Изменить размер шрифта - +
.

 

Отзыв Марченко о Редле, казалось бы, исключает какую-либо симпатию, возникшую между ними. Едва ли он может соответствовать и официально высказываемому (а донесение военного атташе из Вены в Петербург — это официальный документ, рассчитанный на внимание самого высокого начальства!) мнению атташе о завербованном им агенте — что бы на самом деле ни ощущал Марченко по отношению к Редлю в глубине собственной души! Нет никаких указаний на то, что и позднее мнение Марченко о Редле как-то измененилось.
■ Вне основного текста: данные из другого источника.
lemma exists_rank_one_perturbation:
  assumes "\<exists>x::'a. x \<noteq> 0" and m: "min_modulus T D > 0" and "\<epsilon> > 0"
  shows "\<exists>S. bounded_clinear_op S \<and> rank_one S \<and> onorm S \<le> \<epsilon> \<and>
    min_attaining (\<lambda>x. S x + T x) D \<and> gap (\<lambda>x. S x + T x) D T D \<le> \<epsilon>"
proof -
  let ?m = "min_modulus T D"
  have "sqrt (?m\<^sup>2 + \<epsilon>\<^sup>2) > sqrt (?m\<^sup>2)"
    using \<open>\<epsilon> > 0\<close> by (intro real_sqrt_less_mono) simp
  then obtain p where p: "p \<in> D" "norm p = 1" "norm (T p) < sqrt (?m\<^sup>2 + \<epsilon>\<^sup>2)"
    using exists_near_min_modulus[OF assms(1), of "sqrt (?m\<^sup>2 + \<epsilon>\<^sup>2) - ?m"] m by auto
  then have Tp: "(norm (T p))\<^sup>2 < ?m\<^sup>2 + \<epsilon>\<^sup>2"
    using power_strict_mono[OF p(3) norm_ge_zero, of 2] by simp
  obtain r where r_orth: "\<And>y. y \<in> D \<Longrightarrow> inner p y = 0 \<Longrightarrow> inner r (T y) = 0"
    and "inner r (T p) = (norm r)\<^sup>2" and "?m \<le> norm r"
    using exists_orthogonal_residual[OF m p(1)] p(2) by auto
  then obtain t where t: "norm (t *\<^sub>R r) \<le> ?m" "t *\<^sub>R r \<noteq> T p" "norm (t *\<^sub>R r - T p) \<le> \<epsilon>"
    using exists_multiple_close[OF _ m _ Tp \<open>\<epsilon> > 0\<close>] by blast
  have "inner (t *\<^sub>R r) (T y) = 0" if "y \<in> D" "cinner p y = 0" for y
    using r_orth[OF that(1)] arg_cong[OF that(2), of Re] by simp
  then have "bounded_clinear_op (butterfly (t *\<^sub>R r - T p) p) \<and>
      onorm (butterfly (t *\<^sub>R r - T p) p) \<le> \<epsilon> \<and>
      min_attaining (\<lambda>x. butterfly (t *\<^sub>R r - T p) p x + T x) D \<and>
      gap (\<lambda>x. butterfly (t *\<^sub>R r - T p) p x + T x) D T D \<le> \<epsilon>"
    by (rule butterfly_perturbation[OF p(1,2) t(1) _ t(3)])
  moreover have "rank_one (butterfly (t *\<^sub>R r - T p) p)"
    using t(2) by (intro rank_one_butterfly[OF p(2)]) simp
  ultimately show ?thesis
    by blast
qed

end

theorem theorem3p5:
  fixes T :: "'a::complex_hilbert \<Rightarrow> 'b::complex_hilbert" and D :: "'a set" and \<epsilon> :: real
  assumes "infinite_dimensional TYPE('a)" and "infinite_dimensional TYPE('b)"
    and "densely_defined_closed T D"
    and "\<epsilon> > 0"
  shows "(\<exists>S. bounded_clinear_op S \<and> onorm S \<le> \<epsilon> \<and>
              min_attaining (\<lambda>x. S x + T x) D \<and> gap (\<lambda>x. S x + T x) D T D \<le> \<epsilon>)
       \<and> (min_modulus T D > 0 \<longrightarrow>
            (\<exists>S. bounded_clinear_op S \<and> rank_one S \<and> onorm S \<le> \<epsilon> \<and>
              min_attaining (\<lambda>x. S x + T x) D \<and> gap (\<lambda>x. S x + T x) D T D \<le> \<epsilon>))"
proof -
  interpret closed_operator T D
    by (rule closed_operator.intro) (fact assms(3))
  have nontrivial: "\<exists>x::'a. x \<noteq> 0"
    using assms(1) by (rule nonzero_if_infinite_dimensional)
  show ?thesis
  proof (cases "min_modulus T D > 0")
    case True
    then obtain S where S: "bounded_clinear_op S" "rank_one S" "onorm S \<le> \<epsilon>"
      "min_attaining (\<lambda>x. S x + T x) D" "gap (\<lambda>x. S x + T x) D T D \<le> \<epsilon>"
      using exists_rank_one_perturbation[OF nontrivial _ assms(4)] by blast
    show ?thesis
      by (intro conjI impI exI[of _ S] S)
  next
    case False
    with min_modulus_nonneg[OF nontrivial] have m0: "min_modulus T D = 0"
      by simp
    obtain p where p: "p \<in> D" "norm p = 1" "norm (T p) < min_modulus T D + \<epsilon>"
      using exists_near_min_modulus[OF nontrivial assms(4)] .
    have "norm (0::'b) \<le> min_modulus T D" "\<And>y. inner 0 (T y) = 0" "norm (0 - T p) \<le> \<epsilon>"
      using p(3) by (simp_all add: m0)
    from butterfly_perturbation[OF p(1,2) this]
    have "\<exists>S. bounded_clinear_op S \<and> onorm S \<le> \<epsilon> \<and>
        min_attaining (\<lambda>x. S x + T x) D \<and> gap (\<lambda>x. S x + T x) D T D \<le> \<epsilon>"
      by (rule exI[of _ "butterfly (0 - T p) p"])
    with False show ?thesis
      by simp
  qed
qed

end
Однако (мы продолжаем цитату из публикации Мильштейна прямо с того места, на котором прервали ее) Мильштейн (как ни в чем не бывало!) рассказывает далее о том, как Марченко завербовал Редля (об этом и упоминал процитированный выше Петё, ссылавшийся на русские источники):

«Марченко продолжал встречаться с Редлем, давал ему в долг деньги и в конце концов в 1907 году сумел привлечь его к работе в пользу русской разведки. Не было, пожалуй, ни одного секрета, интересующего Россию, к которому бы не имел доступа Редль. Он искусно владел фотографией и уже в то время фотографировал многие важные сверхсекретные документы и передавал их Марченко.

Марченко понимал, какую большую ценность представлял Редль для русской разведки. Продолжая встречаться с Редлем официально, Марченко не требовал каждый раз материалов, получал от него данные редко, всего три-четыре раза в год, но зато вполне исчерпывающие и по всем интересующим русский генеральный штаб вопросам. Достаточно сказать, что Редль передал русской разведке план развертывания австро-венгерской армии против России. На основе этого плана в Киевском военном округе была даже проведена военная игра, где в качестве противника и его плана действий была принята австро-венгерская армия и ее реальные планы действий против России. Он передал также все основные данные по мобилизационному плану, перевозкам, перегруппировкам войск и т. п.»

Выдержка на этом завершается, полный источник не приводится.